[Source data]
···

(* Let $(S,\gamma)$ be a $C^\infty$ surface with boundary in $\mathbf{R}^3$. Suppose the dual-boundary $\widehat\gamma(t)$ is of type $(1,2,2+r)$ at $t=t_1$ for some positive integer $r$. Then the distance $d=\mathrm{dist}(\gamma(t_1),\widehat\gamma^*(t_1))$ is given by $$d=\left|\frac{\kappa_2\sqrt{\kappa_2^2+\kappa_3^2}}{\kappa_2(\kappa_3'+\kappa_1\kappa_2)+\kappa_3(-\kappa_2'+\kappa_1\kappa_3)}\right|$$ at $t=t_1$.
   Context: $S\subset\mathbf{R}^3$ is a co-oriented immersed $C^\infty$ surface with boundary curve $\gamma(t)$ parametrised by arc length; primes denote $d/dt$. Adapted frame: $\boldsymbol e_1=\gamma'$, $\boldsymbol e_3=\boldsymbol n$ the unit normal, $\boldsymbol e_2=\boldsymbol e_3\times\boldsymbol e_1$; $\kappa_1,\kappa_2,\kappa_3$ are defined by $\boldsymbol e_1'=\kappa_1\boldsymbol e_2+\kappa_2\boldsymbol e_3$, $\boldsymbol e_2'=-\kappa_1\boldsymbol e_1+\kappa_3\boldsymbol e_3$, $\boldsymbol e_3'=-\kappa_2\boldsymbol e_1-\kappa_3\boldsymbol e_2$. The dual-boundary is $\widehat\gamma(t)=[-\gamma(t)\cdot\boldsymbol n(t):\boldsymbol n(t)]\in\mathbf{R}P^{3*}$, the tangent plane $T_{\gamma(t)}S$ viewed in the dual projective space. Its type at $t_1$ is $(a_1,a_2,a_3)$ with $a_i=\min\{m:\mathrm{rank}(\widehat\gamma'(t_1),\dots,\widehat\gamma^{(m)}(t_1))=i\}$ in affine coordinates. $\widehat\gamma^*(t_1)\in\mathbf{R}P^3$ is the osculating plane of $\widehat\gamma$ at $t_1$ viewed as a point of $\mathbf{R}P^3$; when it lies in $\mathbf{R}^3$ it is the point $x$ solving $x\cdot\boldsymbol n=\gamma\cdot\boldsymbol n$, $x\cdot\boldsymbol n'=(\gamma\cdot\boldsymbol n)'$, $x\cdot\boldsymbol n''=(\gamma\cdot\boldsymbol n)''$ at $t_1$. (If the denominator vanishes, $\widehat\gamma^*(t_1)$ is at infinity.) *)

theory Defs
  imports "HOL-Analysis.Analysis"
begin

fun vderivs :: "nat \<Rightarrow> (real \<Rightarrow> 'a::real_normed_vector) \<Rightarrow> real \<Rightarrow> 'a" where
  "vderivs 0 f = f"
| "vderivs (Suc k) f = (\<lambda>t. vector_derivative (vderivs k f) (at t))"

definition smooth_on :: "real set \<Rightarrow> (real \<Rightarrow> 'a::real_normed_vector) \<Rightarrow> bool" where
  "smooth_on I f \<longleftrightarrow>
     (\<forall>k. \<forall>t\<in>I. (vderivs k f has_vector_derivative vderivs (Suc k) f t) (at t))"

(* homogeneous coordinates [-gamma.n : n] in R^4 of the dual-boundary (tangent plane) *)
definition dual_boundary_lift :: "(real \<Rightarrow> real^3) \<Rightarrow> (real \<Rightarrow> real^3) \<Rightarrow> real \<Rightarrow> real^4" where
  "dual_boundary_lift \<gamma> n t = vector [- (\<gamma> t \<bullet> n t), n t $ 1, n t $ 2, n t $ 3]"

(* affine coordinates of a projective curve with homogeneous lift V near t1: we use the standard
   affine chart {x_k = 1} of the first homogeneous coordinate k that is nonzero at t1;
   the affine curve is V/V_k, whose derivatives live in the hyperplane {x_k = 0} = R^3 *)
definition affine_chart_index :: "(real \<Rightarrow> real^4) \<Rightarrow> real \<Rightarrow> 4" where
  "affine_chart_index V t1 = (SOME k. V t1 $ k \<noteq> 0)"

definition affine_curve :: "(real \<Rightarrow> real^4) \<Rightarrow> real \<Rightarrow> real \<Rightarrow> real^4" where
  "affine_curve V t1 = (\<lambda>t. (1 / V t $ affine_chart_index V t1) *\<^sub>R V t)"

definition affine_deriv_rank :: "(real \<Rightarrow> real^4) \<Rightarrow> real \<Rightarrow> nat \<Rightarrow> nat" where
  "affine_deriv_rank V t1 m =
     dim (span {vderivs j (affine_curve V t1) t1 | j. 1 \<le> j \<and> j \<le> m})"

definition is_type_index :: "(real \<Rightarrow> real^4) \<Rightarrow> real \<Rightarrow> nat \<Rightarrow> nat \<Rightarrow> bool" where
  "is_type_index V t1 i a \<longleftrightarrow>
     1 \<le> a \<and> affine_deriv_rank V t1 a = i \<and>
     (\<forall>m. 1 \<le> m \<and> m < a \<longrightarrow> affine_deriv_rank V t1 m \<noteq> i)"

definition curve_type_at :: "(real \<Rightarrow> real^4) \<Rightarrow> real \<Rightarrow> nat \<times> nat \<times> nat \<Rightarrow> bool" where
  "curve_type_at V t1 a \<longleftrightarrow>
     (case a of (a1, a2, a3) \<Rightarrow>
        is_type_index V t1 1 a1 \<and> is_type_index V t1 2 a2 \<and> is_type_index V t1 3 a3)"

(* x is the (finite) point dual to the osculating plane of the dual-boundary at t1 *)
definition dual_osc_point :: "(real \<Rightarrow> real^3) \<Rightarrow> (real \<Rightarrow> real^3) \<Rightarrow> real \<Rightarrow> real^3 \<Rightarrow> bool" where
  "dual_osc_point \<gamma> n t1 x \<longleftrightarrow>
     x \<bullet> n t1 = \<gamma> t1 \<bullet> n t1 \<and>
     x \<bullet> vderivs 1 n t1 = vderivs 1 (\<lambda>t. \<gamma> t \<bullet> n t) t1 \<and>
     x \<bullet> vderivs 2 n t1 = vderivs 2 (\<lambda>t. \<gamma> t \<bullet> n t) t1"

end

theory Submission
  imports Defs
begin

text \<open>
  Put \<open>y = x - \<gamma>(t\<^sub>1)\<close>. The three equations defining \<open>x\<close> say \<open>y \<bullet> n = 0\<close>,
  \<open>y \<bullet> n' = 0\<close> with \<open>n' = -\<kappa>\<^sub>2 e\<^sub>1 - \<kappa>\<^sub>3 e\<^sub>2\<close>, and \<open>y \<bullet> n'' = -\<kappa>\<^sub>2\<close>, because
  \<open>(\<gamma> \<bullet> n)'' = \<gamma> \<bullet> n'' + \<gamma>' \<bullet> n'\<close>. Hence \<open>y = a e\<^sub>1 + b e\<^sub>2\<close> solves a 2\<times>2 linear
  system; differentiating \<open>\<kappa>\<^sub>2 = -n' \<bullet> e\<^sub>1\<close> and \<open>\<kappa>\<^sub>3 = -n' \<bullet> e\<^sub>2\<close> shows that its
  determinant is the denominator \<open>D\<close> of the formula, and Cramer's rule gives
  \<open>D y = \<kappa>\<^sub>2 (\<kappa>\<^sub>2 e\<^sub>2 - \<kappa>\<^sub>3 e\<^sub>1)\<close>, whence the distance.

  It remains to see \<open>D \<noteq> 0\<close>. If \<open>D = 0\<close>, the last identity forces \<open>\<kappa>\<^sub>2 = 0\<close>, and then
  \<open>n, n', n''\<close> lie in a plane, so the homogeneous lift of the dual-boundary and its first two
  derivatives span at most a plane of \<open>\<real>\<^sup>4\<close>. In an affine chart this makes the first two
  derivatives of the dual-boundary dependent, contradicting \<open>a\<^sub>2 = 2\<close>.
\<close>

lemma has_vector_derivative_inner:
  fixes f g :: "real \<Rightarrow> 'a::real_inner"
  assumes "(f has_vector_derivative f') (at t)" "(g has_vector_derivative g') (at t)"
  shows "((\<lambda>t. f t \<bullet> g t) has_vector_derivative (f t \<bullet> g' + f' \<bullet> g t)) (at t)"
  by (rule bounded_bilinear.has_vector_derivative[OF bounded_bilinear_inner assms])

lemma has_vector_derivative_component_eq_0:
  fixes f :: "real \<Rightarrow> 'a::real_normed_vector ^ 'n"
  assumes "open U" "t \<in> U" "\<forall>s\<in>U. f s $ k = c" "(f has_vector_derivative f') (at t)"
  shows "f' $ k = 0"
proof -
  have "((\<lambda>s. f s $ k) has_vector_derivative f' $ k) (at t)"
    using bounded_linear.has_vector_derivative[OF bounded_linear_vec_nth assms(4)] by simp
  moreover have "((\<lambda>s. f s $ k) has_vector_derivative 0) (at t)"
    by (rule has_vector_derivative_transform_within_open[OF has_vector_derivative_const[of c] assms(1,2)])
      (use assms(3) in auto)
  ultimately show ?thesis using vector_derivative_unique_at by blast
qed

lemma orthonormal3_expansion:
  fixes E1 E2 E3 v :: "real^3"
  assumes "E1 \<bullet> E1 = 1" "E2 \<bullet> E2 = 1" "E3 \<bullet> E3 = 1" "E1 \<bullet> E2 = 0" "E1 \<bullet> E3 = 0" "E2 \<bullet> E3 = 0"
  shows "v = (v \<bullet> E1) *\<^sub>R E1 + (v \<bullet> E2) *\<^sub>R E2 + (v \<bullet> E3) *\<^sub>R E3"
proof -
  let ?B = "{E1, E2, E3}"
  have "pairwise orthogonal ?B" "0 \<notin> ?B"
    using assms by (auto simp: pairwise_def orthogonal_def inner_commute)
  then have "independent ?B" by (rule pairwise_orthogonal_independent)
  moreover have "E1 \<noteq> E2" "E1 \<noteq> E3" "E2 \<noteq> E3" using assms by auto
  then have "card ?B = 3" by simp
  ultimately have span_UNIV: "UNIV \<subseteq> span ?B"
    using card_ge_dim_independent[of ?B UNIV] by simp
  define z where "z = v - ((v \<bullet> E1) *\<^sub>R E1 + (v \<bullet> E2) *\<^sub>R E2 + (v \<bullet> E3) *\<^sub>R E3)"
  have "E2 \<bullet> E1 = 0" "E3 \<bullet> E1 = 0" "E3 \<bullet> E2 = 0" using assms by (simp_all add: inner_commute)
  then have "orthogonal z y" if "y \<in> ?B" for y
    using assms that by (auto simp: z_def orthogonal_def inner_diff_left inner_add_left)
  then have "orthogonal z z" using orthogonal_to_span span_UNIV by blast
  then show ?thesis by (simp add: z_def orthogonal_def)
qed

···

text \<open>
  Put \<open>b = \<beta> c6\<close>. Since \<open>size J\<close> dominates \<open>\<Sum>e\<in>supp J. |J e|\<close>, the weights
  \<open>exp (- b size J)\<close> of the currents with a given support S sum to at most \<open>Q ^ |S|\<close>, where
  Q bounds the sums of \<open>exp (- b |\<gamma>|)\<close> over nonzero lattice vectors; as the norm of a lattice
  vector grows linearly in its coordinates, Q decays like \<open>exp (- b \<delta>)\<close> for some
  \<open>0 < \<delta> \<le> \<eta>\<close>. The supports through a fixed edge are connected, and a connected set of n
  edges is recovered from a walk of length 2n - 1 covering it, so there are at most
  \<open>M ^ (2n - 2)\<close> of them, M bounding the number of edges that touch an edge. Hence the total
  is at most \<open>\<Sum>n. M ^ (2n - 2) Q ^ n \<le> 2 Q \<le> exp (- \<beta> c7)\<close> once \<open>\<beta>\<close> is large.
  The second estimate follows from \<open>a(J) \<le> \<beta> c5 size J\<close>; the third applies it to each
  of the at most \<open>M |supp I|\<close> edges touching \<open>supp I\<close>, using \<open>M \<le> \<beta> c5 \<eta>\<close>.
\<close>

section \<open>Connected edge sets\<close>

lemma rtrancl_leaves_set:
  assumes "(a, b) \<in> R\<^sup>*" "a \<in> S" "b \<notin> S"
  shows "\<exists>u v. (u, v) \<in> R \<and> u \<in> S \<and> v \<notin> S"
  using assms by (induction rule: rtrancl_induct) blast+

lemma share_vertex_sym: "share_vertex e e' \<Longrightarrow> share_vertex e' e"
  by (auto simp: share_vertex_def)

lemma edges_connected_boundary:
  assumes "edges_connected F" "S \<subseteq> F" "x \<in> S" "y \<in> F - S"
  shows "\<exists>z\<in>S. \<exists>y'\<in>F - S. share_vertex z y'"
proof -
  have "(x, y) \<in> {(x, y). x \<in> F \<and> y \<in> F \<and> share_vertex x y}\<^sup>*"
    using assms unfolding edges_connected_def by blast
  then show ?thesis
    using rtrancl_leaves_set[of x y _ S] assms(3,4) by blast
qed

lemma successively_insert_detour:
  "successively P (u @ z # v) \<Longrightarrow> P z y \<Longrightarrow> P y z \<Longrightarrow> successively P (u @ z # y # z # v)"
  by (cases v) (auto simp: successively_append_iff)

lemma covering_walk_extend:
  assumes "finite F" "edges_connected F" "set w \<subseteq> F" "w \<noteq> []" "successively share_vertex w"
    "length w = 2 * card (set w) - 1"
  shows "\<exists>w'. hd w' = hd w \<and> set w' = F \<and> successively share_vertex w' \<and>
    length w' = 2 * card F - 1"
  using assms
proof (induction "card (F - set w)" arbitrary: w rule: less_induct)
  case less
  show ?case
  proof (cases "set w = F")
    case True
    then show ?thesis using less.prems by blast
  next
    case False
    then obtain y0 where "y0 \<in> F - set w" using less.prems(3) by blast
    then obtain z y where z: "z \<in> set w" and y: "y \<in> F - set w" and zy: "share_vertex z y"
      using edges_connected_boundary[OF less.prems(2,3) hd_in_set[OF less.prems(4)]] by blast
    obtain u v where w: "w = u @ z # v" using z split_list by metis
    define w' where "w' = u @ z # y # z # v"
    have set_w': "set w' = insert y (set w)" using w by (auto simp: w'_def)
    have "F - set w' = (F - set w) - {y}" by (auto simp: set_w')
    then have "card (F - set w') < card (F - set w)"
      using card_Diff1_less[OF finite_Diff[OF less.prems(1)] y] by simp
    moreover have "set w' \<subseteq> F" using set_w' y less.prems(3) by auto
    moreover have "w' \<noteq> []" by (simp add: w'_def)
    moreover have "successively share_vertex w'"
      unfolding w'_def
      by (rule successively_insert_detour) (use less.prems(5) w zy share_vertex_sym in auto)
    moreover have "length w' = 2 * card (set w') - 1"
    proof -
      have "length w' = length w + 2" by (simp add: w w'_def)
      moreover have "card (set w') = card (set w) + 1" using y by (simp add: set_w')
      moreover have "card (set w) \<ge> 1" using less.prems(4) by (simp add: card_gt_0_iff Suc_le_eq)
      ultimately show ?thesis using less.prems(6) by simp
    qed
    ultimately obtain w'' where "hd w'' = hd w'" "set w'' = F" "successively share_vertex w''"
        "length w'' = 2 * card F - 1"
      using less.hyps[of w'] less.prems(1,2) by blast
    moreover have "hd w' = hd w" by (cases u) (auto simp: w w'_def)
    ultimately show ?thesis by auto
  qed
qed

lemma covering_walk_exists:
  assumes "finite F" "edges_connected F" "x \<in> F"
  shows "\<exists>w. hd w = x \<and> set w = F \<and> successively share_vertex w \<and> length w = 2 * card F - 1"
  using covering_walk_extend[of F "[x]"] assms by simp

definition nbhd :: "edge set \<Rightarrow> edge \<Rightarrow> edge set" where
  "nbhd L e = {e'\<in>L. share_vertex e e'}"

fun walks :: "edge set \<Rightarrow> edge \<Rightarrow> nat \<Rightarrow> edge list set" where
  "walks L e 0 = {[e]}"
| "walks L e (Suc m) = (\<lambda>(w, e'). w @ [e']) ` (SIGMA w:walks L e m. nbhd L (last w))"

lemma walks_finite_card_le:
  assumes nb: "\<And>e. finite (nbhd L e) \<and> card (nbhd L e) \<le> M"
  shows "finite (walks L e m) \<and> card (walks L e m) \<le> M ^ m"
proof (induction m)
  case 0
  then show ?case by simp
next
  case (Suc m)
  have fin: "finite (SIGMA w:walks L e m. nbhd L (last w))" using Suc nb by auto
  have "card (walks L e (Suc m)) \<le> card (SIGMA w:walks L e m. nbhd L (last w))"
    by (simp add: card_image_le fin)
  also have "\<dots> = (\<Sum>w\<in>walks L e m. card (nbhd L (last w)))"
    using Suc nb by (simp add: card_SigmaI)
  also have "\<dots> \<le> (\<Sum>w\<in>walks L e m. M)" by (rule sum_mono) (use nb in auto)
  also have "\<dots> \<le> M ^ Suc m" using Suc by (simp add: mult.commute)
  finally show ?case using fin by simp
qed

···

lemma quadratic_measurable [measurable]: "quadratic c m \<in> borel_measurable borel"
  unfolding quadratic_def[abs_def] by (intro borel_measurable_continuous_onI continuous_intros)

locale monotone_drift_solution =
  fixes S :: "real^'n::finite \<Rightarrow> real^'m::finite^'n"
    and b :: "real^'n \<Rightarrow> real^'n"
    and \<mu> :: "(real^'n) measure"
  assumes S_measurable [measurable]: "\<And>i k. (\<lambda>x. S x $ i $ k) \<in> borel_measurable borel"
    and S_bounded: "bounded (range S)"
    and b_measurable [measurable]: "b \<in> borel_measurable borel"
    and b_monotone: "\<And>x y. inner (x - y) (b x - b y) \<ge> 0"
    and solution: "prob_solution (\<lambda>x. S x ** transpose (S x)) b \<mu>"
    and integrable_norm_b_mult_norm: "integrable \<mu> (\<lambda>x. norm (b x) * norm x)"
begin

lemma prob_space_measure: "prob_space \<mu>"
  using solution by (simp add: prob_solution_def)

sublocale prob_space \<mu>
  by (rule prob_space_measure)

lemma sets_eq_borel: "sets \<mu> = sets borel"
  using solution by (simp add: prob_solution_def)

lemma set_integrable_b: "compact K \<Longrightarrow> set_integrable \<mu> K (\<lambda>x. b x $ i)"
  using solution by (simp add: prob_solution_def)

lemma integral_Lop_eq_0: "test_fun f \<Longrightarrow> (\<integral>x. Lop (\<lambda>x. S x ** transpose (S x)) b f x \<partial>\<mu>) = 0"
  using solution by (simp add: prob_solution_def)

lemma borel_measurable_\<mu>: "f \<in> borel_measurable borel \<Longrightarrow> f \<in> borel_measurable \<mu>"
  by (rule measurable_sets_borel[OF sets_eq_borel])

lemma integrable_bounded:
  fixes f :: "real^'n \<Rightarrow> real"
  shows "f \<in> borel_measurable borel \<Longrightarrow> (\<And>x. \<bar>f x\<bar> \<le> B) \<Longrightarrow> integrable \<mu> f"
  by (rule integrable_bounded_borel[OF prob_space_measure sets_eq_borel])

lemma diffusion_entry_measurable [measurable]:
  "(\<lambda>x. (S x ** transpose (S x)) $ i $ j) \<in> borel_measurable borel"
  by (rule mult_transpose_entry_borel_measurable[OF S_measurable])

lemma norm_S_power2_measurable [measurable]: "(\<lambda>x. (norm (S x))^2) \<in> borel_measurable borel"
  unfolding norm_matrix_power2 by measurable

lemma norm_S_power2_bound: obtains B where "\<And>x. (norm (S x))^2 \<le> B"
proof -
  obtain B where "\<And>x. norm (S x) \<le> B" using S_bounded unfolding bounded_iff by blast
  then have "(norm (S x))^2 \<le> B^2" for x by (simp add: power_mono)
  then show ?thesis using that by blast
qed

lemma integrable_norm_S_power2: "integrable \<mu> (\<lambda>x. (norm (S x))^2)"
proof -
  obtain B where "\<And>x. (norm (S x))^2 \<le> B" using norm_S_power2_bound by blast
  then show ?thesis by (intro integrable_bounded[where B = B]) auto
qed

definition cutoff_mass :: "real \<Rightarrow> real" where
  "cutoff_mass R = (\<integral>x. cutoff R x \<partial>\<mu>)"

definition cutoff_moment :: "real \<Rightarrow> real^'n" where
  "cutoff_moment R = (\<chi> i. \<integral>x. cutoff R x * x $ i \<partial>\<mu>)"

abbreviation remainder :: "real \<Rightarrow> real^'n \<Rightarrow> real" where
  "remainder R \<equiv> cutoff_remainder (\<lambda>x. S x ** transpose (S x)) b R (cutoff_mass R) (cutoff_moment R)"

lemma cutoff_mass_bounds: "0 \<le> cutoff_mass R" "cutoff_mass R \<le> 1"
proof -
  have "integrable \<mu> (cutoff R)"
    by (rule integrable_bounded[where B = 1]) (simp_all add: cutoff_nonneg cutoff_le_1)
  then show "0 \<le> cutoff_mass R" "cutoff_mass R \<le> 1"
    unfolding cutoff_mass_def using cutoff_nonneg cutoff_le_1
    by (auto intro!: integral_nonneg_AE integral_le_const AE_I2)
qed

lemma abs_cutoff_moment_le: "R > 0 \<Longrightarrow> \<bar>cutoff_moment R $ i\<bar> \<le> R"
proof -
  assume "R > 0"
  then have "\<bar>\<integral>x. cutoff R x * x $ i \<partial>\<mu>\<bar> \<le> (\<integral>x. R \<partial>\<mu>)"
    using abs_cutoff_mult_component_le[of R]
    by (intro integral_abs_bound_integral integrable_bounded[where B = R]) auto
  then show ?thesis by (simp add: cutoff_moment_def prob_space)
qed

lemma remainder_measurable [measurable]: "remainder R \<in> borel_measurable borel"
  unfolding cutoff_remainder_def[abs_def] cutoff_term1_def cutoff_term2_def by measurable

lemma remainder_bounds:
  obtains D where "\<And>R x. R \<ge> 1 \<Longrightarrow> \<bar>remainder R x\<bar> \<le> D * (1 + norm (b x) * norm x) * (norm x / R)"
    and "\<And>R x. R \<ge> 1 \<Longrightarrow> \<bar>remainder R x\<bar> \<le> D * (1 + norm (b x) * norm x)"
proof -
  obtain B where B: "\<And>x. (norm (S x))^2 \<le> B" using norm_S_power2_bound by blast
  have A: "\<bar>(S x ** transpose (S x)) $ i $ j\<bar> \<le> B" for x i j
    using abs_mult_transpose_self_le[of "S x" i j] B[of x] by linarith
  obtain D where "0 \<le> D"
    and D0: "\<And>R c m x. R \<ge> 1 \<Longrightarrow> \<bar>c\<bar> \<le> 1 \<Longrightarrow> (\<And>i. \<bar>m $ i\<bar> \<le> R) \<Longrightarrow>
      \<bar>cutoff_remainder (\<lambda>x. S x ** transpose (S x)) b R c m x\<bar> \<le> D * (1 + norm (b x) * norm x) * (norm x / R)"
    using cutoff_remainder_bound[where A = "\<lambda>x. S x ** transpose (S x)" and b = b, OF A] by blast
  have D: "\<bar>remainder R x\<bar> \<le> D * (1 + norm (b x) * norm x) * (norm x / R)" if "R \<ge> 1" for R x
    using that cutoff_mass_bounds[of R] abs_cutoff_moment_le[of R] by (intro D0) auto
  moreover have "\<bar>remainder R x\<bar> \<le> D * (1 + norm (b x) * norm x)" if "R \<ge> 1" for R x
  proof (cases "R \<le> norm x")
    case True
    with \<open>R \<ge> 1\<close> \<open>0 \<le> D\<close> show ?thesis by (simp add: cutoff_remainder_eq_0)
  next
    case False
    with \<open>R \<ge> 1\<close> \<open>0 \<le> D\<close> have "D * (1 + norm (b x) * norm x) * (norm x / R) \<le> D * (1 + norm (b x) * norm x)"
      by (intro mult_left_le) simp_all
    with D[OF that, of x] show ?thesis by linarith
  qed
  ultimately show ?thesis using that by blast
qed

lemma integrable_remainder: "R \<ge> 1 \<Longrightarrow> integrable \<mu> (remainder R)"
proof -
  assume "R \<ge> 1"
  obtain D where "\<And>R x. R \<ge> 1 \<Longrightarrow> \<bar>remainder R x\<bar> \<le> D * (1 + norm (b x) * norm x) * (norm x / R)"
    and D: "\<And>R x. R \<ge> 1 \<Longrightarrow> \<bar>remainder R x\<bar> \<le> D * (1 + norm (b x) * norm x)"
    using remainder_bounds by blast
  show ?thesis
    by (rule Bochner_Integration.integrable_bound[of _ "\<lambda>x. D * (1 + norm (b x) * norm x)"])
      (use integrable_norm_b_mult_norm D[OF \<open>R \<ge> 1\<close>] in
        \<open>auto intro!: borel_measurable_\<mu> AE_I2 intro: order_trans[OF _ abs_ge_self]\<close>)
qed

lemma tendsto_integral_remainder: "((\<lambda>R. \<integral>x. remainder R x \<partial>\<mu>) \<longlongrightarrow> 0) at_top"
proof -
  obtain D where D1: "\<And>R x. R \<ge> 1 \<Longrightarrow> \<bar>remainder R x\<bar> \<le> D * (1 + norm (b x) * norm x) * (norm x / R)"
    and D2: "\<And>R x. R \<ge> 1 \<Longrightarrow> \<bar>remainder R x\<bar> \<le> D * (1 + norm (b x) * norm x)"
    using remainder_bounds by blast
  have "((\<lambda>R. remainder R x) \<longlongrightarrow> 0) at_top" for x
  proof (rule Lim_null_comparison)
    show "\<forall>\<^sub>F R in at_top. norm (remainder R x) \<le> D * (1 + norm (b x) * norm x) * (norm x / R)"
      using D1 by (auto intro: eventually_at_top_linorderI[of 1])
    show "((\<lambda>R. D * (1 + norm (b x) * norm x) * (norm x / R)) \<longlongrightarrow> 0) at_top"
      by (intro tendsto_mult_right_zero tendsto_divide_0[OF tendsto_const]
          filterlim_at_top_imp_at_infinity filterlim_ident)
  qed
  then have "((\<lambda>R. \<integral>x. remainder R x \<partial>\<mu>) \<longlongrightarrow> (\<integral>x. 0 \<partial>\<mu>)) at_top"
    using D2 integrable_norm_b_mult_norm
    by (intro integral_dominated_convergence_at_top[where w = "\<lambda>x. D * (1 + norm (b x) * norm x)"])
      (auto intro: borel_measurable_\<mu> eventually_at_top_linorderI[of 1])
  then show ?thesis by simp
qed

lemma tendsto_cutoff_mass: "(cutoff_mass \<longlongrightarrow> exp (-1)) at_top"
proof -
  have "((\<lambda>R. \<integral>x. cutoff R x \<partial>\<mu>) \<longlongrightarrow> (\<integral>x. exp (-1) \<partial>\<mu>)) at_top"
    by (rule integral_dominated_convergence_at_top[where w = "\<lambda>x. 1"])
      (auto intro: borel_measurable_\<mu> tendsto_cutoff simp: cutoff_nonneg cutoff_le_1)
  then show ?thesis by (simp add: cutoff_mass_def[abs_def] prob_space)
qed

···

=== TASK PROMPT ===
When you reach the line with "then show ?thesis using that by blast" in the records above, start writing out lines exactly, and stop once the line with "i \<partial>\<mu>\<bar> \<le>" has been written; include nothing else.

=== EXERCISE OUTPUT ===
  then show ?thesis using that by blast
qed

lemma integrable_norm_S_power2: "integrable \<mu> (\<lambda>x. (norm (S x))^2)"
proof -
  obtain B where "\<And>x. (norm (S x))^2 \<le> B" using norm_S_power2_bound by blast
  then show ?thesis by (intro integrable_bounded[where B = B]) auto
qed

definition cutoff_mass :: "real \<Rightarrow> real" where
  "cutoff_mass R = (\<integral>x. cutoff R x \<partial>\<mu>)"

definition cutoff_moment :: "real \<Rightarrow> real^'n" where
  "cutoff_moment R = (\<chi> i. \<integral>x. cutoff R x * x $ i \<partial>\<mu>)"

abbreviation remainder :: "real \<Rightarrow> real^'n \<Rightarrow> real" where
  "remainder R \<equiv> cutoff_remainder (\<lambda>x. S x ** transpose (S x)) b R (cutoff_mass R) (cutoff_moment R)"

lemma cutoff_mass_bounds: "0 \<le> cutoff_mass R" "cutoff_mass R \<le> 1"
proof -
  have "integrable \<mu> (cutoff R)"
    by (rule integrable_bounded[where B = 1]) (simp_all add: cutoff_nonneg cutoff_le_1)
  then show "0 \<le> cutoff_mass R" "cutoff_mass R \<le> 1"
    unfolding cutoff_mass_def using cutoff_nonneg cutoff_le_1
    by (auto intro!: integral_nonneg_AE integral_le_const AE_I2)
qed

lemma abs_cutoff_moment_le: "R > 0 \<Longrightarrow> \<bar>cutoff_moment R $ i\<bar> \<le> R"
proof -
  assume "R > 0"
  then have "\<bar>\<integral>x. cutoff R x * x $ i \<partial>\<mu>\<bar> \<le> (\<integral>x. R \<partial>\<mu>)"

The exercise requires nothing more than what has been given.